The aggregated I-80/I-294/Tri-State Tollway crosses the hole on a dry dike elevated hundreds of feet above its bottom. There are loads bound for Salt Lake, commuters coming from Valparaiso, Indiana. The traffic is thick above this hole. Like the fireworks signs, it’s all just a given. The scenery of urban interference. The absence of the earth from which the metropolis was fashioned. They don’t know about the cemeteries. You see, interring these folks six feet below beside this 400 foot crater is a bit of an obscenity. At least bury the Merchandise Center beside them. Four million square feet of afterlife retail space.

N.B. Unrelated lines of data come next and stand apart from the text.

definition y_part :: "nat \<Rightarrow> nat \<Rightarrow> nat \<Rightarrow> real vec \<Rightarrow> real vec" where
  "y_part nu ny T w = vec (ny * T) (\<lambda>i. w $ (nu * T + i))"

definition behavior ::
  "(nat \<Rightarrow> real mat) \<Rightarrow> (nat \<Rightarrow> real mat) \<Rightarrow> (nat \<Rightarrow> real mat) \<Rightarrow> (nat \<Rightarrow> real mat)
   \<Rightarrow> nat \<Rightarrow> nat \<Rightarrow> nat \<Rightarrow> real vec \<Rightarrow> real vec set" where
  "behavior A B C D nu ny T x0 =
    {w \<in> carrier_vec ((nu + ny) * T).
      \<exists>x :: nat \<Rightarrow> real vec. x 0 = x0 \<and>
        (\<forall>t < T. x (Suc t) = A t *\<^sub>v x t + B t *\<^sub>v blk nu (u_part nu T w) t \<and>
                 blk ny (y_part nu ny T w) t = C t *\<^sub>v x t + D t *\<^sub>v blk nu (u_part nu T w) t)}"

primrec state_traj ::
  "(nat \<Rightarrow> real mat) \<Rightarrow> (nat \<Rightarrow> real mat) \<Rightarrow> nat \<Rightarrow> real vec \<Rightarrow> real vec \<Rightarrow> nat \<Rightarrow> real vec" where
  "state_traj A B nu x0 u 0 = x0"
| "state_traj A B nu x0 u (Suc t) =
     A t *\<^sub>v state_traj A B nu x0 u t + B t *\<^sub>v blk nu u t"

definition sys_output ::
  "(nat \<Rightarrow> real mat) \<Rightarrow> (nat \<Rightarrow> real mat) \<Rightarrow> (nat \<Rightarrow> real mat) \<Rightarrow> (nat \<Rightarrow> real mat)
   \<Rightarrow> nat \<Rightarrow> nat \<Rightarrow> nat \<Rightarrow> real vec \<Rightarrow> real vec \<Rightarrow> real vec" where
  "sys_output A B C D nu ny T x0 u =
     supervec ny T (\<lambda>t. C t *\<^sub>v state_traj A B nu x0 u t + D t *\<^sub>v blk nu u t)"

definition affine_vec :: "real vec set \<Rightarrow> bool" where
  "affine_vec S \<longleftrightarrow> (\<forall>x\<in>S. \<forall>y\<in>S. \<forall>c::real. c \<cdot>\<^sub>v x + (1 - c) \<cdot>\<^sub>v y \<in> S)"

end

theory Submission
  imports Defs
begin

text \<open>The output supervector is an affine function of the input supervector,
  \<open>y = M u + F\<close>, where \<open>F\<close> is the free response from \<open>x0\<close> and \<open>M\<close> stacks the maps
  from the whole input sequence to the outputs at each time.  Hence the behavior is the
  graph \<open>{col(u, M u + F)}\<close> of an affine map, which is an affine set.  With
  \<open>u\<^sup>0 = 0\<close> one has \<open>w\<^sup>0 = col(0, F)\<close> and \<open>w\<^sup>k - w\<^sup>0 = col(u\<^sup>k, M u\<^sup>k)\<close>, so
  \<open>W g + w\<^sup>0 = col(U g, M (U g) + F)\<close> for the square matrix \<open>U = [u\<^sup>1, \<dots>, u\<^sup>n]\<close>, \<open>n = n\<^sub>u T\<close>;
  full rank of \<open>U\<close> makes \<open>U g\<close> range over all inputs.\<close>

lemma block_index_less:
  fixes t T j m :: nat
  assumes "t < T" "j < m"
  shows "t * m + j < m * T"
proof -
  have "t * m + j < Suc t * m" using assms(2) by simp
  also have "\<dots> \<le> T * m" using assms(1) by (intro mult_right_mono) auto
  finally show ?thesis by (simp add: mult.commute)
qed

lemma div_less_of_less_mult: "(k::nat) < m * T \<Longrightarrow> k div m < T"
  by (simp add: less_mult_imp_div_less mult.commute)

lemma blk_supervec:
  assumes "t < T" "f t \<in> carrier_vec m"
  shows "blk m (supervec m T f) t = f t"
proof (rule eq_vecI)
  fix j assume "j < dim_vec (f t)"
  hence j: "j < m" using assms by simp
  have "(t * m + j) div m = t" "(t * m + j) mod m = j" using j by auto
  then show "blk m (supervec m T f) t $ j = f t $ j"
    using j block_index_less[OF assms(1) j] by (simp add: blk_def supervec_def)
qed (use assms in \<open>simp add: blk_def\<close>)

lemma supervec_blk:
  assumes "v \<in> carrier_vec (m * T)"
  shows "supervec m T (blk m v) = v"
proof (rule eq_vecI)
  fix k assume "k < dim_vec v"
  hence k: "k < m * T" using assms by simp
  hence "k mod m < m" by (cases m) auto
  moreover have "k div m * m + k mod m = k" by simp
  ultimately show "supervec m T (blk m v) $ k = v $ k"
    using k div_less_of_less_mult[OF k] by (simp add: supervec_def blk_def)
qed (use assms in \<open>simp add: supervec_def\<close>)

lemma supervec_cong:
  assumes "\<And>t. t < T \<Longrightarrow> f t = g t"
  shows "supervec m T f = supervec m T g"
  using assms div_less_of_less_mult unfolding supervec_def by (intro eq_vecI) auto
lemma nontrivial_rcosets_EPDF:
  assumes "subgroup H G" "finite (carrier G)" "card (carrier G) = m * n" "card H = n"
  shows "EPDF G (m * n) (m - 1) n (m * n - 2 * n) 0 (rcosets H - {H})"
proof -
  have "count (Ext_ms G (rcosets H - {H})) x = m * n - 2 * n" if "x \<in> carrier G - H" for x
    using count_Ext_ms_nontrivial_rcosets[OF assms(1,2)] that assms(3,4) by (simp add: order_def)
  moreover have "count (Ext_ms G (rcosets H - {H})) x = 0" if "x \<in> H - {\<one>}" for x
    using count_Ext_ms_nontrivial_rcosets[OF assms(1,2)] that subgroup.subset[OF assms(1)] by auto
  ultimately show ?thesis
    unfolding EPDF_def nontrivial_rcosets_PDF_prop_iff[OF assms] by blast
qed

end

theorem mainTheorem9:
  fixes G :: "('a, 'b) monoid_scheme" and H :: "'a set" and m n :: nat
  assumes "group G" and "finite (carrier G)" and "card (carrier G) = m * n"
    and "H \<lhd> G" and "card H = n"
  shows "DPDF G (m * n) (m - 1) n 0 (m * n - n) (rcosets\<^bsub>G\<^esub> H - {H})
       \<and> EPDF G (m * n) (m - 1) n (m * n - 2 * n) 0 (rcosets\<^bsub>G\<^esub> H - {H})"
proof -
  interpret group G by fact
  have "subgroup H G"
    using assms(4) by (rule normal_imp_subgroup)
  with assms(2,3,5) show ?thesis
    using nontrivial_rcosets_DPDF nontrivial_rcosets_EPDF by blast
qed

end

So I left the Toyota in South Holland for the Winter. When I came back the battery was dead again. I remember it was about ten below freezing outside that night and I had to curl up beneath an emergency blanket in that little hatchback. Drinking some tequila, trying to stay warm with the occasional aid of a propane heater. I watched the snow gently fall into the big hole where Illinois used to be, and I never had any doubts about the situation after that.